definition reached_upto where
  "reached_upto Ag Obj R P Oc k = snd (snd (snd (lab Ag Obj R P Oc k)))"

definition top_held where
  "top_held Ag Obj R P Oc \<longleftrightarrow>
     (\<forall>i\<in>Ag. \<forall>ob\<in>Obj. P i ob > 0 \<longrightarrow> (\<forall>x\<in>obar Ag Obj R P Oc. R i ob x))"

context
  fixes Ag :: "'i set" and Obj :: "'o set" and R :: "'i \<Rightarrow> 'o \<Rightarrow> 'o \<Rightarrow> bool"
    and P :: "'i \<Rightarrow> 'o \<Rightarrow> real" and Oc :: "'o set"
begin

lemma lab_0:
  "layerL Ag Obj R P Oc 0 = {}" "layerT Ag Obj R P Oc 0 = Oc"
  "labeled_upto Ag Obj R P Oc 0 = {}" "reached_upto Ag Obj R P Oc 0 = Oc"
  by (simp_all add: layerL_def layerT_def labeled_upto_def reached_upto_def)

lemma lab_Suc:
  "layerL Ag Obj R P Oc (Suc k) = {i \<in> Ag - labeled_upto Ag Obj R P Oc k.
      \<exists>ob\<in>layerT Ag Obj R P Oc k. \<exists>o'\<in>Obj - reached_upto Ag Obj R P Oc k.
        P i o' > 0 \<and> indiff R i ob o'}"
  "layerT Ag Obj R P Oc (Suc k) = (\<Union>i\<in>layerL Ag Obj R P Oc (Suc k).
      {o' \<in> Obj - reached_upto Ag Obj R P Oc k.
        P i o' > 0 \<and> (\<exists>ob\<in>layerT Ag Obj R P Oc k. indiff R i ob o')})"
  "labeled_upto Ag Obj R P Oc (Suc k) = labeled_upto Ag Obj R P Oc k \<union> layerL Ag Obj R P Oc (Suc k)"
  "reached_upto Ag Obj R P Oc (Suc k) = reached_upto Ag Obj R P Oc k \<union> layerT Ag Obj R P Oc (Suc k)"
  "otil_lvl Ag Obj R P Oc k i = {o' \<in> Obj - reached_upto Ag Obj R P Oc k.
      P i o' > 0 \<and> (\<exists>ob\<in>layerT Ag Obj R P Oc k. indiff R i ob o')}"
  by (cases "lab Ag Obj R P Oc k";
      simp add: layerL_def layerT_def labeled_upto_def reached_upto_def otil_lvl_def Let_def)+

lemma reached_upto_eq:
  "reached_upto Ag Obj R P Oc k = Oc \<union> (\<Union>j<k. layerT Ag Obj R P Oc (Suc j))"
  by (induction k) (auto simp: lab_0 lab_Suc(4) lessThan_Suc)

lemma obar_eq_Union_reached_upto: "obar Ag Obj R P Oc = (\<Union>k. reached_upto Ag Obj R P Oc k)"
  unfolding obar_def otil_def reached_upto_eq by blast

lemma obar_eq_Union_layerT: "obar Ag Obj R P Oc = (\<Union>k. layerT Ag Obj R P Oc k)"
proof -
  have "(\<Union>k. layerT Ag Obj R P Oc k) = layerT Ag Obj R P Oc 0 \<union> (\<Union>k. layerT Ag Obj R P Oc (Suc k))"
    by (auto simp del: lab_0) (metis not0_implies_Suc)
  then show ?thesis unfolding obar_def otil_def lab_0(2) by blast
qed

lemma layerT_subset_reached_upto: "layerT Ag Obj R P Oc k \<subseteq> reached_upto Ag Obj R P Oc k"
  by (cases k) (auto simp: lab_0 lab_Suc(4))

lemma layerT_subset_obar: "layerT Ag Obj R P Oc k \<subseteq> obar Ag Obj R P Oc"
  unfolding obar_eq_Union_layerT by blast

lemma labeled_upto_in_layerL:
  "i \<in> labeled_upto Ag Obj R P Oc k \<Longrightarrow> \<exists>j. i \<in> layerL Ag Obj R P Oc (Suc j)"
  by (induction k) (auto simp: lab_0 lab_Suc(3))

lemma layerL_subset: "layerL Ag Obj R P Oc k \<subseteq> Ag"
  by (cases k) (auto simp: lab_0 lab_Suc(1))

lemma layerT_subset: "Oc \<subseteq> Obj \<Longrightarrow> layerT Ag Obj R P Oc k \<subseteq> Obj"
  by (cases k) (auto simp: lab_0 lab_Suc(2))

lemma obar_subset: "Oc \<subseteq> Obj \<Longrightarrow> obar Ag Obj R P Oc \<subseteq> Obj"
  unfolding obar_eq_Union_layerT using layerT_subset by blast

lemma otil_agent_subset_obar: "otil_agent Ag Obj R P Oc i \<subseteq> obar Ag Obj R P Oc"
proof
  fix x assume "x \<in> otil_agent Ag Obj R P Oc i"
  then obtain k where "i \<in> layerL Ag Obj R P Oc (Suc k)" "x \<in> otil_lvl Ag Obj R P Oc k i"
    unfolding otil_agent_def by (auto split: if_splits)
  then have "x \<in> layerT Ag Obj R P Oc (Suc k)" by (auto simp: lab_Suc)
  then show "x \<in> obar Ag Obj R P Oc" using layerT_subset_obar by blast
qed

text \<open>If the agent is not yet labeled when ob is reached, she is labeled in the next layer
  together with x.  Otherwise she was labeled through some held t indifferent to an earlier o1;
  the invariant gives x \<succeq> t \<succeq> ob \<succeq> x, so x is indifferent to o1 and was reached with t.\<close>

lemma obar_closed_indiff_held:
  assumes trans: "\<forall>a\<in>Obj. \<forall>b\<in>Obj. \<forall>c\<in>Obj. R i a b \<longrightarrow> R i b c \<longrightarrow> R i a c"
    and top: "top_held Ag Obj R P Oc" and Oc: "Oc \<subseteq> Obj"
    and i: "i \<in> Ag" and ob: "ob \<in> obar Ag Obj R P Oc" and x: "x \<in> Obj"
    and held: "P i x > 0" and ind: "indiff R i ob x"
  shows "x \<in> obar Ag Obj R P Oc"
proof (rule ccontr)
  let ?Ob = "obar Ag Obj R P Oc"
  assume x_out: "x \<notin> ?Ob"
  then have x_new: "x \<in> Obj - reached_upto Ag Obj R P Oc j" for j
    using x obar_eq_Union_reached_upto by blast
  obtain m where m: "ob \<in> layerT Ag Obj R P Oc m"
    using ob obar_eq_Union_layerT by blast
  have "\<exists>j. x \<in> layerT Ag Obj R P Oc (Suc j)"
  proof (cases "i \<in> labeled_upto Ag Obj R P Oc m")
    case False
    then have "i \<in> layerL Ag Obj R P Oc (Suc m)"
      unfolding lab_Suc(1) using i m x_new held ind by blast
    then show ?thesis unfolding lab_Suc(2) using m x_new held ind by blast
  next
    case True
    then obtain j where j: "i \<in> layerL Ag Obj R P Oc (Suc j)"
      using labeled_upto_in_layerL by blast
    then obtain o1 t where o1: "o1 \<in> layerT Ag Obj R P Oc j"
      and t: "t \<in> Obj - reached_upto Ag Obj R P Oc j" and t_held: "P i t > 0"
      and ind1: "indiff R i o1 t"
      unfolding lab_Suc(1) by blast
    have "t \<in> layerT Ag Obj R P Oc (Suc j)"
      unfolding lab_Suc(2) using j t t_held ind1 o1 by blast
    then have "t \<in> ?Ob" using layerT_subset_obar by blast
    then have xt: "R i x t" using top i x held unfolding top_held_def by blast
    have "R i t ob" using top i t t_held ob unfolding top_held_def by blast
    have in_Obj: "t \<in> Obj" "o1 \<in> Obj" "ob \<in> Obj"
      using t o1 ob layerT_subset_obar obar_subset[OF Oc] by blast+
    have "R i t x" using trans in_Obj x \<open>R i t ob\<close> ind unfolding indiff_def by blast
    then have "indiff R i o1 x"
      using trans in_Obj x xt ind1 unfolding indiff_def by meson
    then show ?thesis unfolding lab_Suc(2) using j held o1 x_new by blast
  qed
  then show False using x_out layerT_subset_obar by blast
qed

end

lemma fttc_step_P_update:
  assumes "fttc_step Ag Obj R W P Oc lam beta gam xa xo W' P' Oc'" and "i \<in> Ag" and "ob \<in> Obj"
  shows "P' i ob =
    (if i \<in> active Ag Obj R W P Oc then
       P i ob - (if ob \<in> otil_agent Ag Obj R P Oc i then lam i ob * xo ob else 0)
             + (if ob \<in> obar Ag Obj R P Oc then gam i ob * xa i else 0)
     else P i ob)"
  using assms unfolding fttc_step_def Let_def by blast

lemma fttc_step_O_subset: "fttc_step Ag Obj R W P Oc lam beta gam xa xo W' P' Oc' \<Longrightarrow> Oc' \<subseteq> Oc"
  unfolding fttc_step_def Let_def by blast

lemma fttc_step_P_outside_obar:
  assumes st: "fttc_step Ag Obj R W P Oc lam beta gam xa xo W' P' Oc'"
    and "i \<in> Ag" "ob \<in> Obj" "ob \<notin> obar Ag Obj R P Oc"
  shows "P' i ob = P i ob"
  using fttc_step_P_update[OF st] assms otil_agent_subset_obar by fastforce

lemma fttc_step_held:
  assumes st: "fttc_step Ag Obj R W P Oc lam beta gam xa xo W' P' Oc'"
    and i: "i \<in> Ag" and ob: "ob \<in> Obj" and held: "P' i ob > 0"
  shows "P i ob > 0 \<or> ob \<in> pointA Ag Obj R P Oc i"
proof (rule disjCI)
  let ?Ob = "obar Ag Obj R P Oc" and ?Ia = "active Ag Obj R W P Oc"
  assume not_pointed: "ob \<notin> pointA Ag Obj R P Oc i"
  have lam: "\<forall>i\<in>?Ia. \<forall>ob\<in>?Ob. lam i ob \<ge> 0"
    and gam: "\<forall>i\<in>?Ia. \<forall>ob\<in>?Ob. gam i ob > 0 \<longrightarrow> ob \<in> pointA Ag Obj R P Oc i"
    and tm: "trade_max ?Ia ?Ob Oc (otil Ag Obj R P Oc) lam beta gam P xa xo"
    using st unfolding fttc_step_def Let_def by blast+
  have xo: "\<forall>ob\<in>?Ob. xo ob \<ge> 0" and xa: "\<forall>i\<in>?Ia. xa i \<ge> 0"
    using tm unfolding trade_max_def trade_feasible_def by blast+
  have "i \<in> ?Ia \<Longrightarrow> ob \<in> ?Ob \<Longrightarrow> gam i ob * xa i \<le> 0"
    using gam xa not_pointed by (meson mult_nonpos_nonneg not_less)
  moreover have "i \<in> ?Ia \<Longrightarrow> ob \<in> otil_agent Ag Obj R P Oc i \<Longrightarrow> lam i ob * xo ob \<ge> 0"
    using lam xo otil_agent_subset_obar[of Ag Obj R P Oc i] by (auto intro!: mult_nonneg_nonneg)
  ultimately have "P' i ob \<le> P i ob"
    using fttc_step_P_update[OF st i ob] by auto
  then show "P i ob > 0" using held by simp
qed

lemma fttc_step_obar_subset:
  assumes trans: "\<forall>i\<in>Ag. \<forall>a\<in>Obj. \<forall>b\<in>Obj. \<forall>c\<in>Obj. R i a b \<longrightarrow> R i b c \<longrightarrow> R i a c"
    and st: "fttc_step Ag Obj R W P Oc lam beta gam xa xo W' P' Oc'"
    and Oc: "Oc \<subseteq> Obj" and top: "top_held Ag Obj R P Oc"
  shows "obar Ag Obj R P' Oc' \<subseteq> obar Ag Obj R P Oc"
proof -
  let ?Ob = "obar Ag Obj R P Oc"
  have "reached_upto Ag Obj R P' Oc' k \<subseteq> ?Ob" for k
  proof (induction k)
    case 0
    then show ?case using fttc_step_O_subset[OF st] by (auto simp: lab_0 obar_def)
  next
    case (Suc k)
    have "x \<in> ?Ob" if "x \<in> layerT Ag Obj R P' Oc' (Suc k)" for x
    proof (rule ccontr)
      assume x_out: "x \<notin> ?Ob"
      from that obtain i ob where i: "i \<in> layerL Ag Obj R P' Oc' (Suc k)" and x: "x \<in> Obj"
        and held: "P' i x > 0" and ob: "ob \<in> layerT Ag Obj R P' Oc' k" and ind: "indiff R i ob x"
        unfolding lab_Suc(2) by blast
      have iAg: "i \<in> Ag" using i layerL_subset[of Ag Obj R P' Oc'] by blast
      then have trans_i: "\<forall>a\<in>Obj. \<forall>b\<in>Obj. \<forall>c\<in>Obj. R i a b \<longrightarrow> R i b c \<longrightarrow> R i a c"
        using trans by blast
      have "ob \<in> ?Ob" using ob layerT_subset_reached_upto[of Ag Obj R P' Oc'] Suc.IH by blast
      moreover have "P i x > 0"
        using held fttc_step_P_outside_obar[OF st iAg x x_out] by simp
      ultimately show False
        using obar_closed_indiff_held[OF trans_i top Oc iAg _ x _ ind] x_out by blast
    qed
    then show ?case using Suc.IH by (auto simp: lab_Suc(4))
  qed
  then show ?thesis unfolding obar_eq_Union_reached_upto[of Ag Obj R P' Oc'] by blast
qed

# # # # #

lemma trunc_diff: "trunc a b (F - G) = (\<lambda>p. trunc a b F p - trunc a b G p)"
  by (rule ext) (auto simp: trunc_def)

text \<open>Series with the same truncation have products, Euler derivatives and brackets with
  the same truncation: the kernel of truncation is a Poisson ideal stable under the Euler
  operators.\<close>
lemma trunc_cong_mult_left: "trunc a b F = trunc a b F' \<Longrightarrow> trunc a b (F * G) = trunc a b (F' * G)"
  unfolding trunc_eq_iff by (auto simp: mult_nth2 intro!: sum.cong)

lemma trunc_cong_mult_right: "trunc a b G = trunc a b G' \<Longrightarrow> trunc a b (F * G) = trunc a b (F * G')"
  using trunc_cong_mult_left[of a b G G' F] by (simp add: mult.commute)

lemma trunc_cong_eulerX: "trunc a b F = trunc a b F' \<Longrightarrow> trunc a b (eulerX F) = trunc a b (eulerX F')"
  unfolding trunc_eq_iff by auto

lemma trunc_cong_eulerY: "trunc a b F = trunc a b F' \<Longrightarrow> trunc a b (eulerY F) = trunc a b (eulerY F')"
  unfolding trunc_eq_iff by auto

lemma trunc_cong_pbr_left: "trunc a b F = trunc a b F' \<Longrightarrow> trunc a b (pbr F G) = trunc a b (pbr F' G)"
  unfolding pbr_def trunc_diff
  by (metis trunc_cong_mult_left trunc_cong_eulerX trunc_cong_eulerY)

# # # # #

### HOW TO COMPLETE THIS TASK
Give the number of lines in the entries above that include the string "moreover". No other output is expected.

### SOLUTION FOR THIS EXERCISE
2